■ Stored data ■
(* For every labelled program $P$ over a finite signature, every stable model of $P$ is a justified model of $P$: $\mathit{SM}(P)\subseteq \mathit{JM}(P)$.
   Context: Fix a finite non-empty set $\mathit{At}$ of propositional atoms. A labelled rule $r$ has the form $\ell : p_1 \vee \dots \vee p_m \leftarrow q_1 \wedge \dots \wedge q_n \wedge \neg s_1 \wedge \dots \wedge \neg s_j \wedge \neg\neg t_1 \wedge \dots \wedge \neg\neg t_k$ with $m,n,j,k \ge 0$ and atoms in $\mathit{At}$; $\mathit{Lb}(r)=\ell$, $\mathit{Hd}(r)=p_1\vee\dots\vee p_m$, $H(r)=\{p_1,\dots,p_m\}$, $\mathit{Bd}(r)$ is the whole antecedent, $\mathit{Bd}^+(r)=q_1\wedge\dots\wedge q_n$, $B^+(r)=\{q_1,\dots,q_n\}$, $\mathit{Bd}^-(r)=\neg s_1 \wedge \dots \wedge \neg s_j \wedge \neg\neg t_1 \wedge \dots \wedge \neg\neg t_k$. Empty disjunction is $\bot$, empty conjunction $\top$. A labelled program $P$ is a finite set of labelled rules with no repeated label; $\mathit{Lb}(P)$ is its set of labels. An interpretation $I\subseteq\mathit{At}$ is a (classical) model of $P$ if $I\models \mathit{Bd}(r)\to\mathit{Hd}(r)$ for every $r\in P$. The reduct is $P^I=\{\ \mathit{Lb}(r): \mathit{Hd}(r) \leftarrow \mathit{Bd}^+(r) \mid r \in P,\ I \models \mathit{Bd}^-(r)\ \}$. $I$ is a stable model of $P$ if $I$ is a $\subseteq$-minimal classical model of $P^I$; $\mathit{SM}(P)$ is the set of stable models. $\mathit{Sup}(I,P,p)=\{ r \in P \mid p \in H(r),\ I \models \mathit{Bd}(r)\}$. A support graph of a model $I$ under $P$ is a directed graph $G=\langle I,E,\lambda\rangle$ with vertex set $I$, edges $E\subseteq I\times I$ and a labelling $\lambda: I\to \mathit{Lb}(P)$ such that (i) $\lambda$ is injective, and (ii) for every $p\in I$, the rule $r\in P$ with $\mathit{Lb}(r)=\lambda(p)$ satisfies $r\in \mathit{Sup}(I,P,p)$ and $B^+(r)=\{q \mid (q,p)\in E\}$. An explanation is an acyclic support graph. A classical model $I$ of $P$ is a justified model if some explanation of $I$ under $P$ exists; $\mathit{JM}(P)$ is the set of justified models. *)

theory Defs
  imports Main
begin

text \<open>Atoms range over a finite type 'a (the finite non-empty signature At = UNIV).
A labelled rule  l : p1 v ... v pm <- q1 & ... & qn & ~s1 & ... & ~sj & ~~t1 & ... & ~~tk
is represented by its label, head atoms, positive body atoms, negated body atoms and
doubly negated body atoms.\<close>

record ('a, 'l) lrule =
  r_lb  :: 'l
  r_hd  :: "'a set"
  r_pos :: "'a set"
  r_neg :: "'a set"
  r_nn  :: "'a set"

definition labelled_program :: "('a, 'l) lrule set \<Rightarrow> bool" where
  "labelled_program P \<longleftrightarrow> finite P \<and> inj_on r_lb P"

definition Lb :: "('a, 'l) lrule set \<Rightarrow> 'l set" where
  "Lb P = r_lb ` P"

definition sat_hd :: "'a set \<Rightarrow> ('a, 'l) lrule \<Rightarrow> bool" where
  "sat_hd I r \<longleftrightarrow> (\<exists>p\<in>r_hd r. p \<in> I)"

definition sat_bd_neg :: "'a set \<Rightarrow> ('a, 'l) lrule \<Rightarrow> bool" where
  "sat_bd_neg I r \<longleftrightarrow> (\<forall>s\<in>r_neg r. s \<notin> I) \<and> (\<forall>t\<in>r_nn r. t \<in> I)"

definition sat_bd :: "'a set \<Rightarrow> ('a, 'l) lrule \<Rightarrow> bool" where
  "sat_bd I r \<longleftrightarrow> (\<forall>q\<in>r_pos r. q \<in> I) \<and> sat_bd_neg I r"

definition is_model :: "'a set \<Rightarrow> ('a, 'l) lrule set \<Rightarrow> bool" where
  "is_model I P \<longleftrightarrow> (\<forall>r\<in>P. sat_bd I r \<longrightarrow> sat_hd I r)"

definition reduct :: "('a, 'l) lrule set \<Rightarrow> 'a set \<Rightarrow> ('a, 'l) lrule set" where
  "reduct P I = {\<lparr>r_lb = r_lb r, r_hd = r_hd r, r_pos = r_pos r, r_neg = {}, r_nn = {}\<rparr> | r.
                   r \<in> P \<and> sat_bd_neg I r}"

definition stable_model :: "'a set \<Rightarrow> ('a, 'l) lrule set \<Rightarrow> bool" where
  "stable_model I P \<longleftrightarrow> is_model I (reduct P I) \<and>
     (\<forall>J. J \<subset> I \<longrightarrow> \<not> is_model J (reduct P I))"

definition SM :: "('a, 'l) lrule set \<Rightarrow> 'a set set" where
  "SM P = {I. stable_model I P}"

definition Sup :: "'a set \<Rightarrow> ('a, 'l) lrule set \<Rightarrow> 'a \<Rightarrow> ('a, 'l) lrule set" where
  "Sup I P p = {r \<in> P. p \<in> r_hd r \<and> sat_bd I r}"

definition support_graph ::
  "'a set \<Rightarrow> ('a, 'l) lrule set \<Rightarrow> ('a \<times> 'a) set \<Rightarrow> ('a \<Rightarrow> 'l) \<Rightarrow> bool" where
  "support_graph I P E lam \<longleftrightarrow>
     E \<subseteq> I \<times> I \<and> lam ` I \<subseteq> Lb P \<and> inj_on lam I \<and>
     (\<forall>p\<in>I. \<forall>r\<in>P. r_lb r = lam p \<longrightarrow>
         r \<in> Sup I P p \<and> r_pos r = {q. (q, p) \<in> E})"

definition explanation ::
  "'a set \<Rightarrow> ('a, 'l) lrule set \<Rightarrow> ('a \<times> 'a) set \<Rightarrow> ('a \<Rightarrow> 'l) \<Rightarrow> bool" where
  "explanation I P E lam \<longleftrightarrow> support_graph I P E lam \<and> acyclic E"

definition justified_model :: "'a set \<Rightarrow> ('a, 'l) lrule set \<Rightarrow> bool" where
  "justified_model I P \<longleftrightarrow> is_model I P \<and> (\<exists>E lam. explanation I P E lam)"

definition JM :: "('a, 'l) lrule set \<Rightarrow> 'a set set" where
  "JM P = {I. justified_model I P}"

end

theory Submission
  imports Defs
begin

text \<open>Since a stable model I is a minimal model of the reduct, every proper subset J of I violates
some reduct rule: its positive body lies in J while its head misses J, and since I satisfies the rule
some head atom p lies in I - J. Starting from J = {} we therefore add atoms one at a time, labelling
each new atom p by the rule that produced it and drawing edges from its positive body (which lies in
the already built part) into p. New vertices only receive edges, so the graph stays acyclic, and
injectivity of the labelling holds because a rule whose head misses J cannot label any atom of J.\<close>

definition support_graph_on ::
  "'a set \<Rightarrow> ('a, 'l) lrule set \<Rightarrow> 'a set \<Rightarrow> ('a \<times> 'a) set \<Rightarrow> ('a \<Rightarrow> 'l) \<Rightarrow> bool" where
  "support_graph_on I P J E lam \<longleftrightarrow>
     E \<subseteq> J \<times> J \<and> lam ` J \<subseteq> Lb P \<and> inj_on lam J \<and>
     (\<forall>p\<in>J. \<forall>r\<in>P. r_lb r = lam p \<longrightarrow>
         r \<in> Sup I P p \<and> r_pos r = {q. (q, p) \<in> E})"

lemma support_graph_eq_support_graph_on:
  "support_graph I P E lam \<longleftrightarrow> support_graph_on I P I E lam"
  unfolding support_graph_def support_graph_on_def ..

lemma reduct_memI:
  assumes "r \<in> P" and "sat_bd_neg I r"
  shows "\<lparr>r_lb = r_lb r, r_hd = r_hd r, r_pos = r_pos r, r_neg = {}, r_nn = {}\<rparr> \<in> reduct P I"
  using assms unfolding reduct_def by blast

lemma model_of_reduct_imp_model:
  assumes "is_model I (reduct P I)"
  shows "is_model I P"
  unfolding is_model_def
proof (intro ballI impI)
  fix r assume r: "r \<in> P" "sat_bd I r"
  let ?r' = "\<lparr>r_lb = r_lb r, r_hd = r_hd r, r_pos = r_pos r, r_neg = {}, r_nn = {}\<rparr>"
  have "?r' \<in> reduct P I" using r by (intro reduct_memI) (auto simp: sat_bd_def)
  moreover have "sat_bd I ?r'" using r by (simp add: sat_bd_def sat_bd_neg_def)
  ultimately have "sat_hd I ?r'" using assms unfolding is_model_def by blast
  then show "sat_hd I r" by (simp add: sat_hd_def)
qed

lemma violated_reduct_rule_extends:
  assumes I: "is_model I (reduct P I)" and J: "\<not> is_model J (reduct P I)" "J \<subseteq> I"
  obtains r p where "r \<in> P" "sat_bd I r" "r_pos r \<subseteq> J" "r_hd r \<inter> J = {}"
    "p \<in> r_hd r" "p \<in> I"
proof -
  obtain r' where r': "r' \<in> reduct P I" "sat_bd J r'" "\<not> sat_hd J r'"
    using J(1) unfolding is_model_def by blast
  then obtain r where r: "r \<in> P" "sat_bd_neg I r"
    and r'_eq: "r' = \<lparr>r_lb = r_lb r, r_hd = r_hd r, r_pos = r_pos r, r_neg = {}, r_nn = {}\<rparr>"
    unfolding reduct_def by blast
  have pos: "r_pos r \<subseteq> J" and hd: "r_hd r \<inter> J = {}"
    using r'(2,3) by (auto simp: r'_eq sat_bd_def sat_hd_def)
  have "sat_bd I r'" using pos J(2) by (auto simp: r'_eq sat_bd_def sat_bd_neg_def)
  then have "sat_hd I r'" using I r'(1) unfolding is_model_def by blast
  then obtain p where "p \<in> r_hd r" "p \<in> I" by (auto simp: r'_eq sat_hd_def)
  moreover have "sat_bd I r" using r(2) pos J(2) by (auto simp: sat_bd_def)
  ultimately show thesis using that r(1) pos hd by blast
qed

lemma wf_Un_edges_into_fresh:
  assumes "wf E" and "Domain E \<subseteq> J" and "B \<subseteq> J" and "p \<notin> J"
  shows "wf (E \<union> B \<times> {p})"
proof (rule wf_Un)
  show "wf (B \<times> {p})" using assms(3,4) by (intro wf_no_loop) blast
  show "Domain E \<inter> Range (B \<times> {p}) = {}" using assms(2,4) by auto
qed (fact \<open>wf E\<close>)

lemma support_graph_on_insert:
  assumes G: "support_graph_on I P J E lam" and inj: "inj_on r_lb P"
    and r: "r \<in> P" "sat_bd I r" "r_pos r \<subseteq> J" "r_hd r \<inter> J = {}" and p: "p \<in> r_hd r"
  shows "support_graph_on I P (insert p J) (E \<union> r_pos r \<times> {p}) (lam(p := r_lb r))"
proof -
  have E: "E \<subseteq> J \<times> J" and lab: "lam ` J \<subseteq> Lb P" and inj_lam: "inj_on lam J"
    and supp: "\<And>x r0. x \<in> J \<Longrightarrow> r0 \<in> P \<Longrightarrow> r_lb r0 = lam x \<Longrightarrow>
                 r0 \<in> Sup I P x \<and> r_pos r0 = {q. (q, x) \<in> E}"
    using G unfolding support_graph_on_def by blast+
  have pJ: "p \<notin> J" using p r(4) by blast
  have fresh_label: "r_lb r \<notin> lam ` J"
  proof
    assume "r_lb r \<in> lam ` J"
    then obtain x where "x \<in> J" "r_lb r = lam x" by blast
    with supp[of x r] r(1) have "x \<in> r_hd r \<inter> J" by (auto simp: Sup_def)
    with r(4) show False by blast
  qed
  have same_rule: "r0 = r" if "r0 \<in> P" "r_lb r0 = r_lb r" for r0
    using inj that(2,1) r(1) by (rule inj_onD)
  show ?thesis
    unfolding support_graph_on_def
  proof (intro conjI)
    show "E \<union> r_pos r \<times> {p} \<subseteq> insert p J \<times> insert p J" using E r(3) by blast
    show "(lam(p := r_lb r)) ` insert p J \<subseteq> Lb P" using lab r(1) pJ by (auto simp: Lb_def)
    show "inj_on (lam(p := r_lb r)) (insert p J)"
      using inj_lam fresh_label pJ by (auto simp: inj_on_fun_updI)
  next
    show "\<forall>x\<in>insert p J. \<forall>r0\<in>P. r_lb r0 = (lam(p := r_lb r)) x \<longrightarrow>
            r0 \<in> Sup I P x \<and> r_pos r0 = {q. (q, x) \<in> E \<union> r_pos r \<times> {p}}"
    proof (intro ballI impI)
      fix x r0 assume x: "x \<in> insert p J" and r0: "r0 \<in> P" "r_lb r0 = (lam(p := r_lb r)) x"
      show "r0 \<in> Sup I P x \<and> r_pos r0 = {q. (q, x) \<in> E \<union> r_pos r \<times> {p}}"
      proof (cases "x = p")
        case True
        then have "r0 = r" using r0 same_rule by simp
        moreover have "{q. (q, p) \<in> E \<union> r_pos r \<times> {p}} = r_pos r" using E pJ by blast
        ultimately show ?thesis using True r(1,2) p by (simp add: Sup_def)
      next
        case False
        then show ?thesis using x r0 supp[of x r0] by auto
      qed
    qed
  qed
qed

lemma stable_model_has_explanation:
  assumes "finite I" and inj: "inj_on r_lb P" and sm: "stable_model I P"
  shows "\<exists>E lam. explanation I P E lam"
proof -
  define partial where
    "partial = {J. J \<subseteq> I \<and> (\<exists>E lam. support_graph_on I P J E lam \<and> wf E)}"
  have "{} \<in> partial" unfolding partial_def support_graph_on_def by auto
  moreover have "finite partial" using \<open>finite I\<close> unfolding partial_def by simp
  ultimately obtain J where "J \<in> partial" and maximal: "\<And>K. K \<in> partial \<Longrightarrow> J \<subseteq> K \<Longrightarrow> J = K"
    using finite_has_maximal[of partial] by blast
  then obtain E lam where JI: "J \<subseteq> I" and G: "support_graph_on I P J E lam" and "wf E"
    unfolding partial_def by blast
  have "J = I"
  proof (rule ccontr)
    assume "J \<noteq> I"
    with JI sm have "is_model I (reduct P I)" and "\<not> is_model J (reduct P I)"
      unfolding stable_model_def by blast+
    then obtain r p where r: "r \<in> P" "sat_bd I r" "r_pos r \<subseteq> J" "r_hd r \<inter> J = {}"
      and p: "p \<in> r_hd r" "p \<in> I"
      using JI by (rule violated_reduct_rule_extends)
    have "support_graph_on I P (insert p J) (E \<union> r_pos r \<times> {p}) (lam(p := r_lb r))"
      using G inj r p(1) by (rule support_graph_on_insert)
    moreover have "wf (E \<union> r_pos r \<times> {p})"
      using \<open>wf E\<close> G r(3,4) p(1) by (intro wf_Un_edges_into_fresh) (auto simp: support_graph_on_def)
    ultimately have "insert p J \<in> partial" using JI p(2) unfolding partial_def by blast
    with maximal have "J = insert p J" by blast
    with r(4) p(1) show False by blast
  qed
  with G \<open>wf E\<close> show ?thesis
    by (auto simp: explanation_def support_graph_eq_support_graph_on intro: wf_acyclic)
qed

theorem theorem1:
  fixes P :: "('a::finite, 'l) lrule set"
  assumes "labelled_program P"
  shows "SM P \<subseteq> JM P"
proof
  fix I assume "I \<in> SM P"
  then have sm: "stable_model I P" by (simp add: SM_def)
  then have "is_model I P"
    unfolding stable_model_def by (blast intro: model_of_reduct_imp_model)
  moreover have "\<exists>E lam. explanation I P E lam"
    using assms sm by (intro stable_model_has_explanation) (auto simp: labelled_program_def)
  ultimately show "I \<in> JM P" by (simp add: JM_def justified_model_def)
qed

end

■ WORK TO BE COMPLETED ■
Every line of the records above where the string "impI" is found should be copied.

■ OUTPUT FOR THIS TASK ■
proof (intro ballI impI)
    proof (intro ballI impI)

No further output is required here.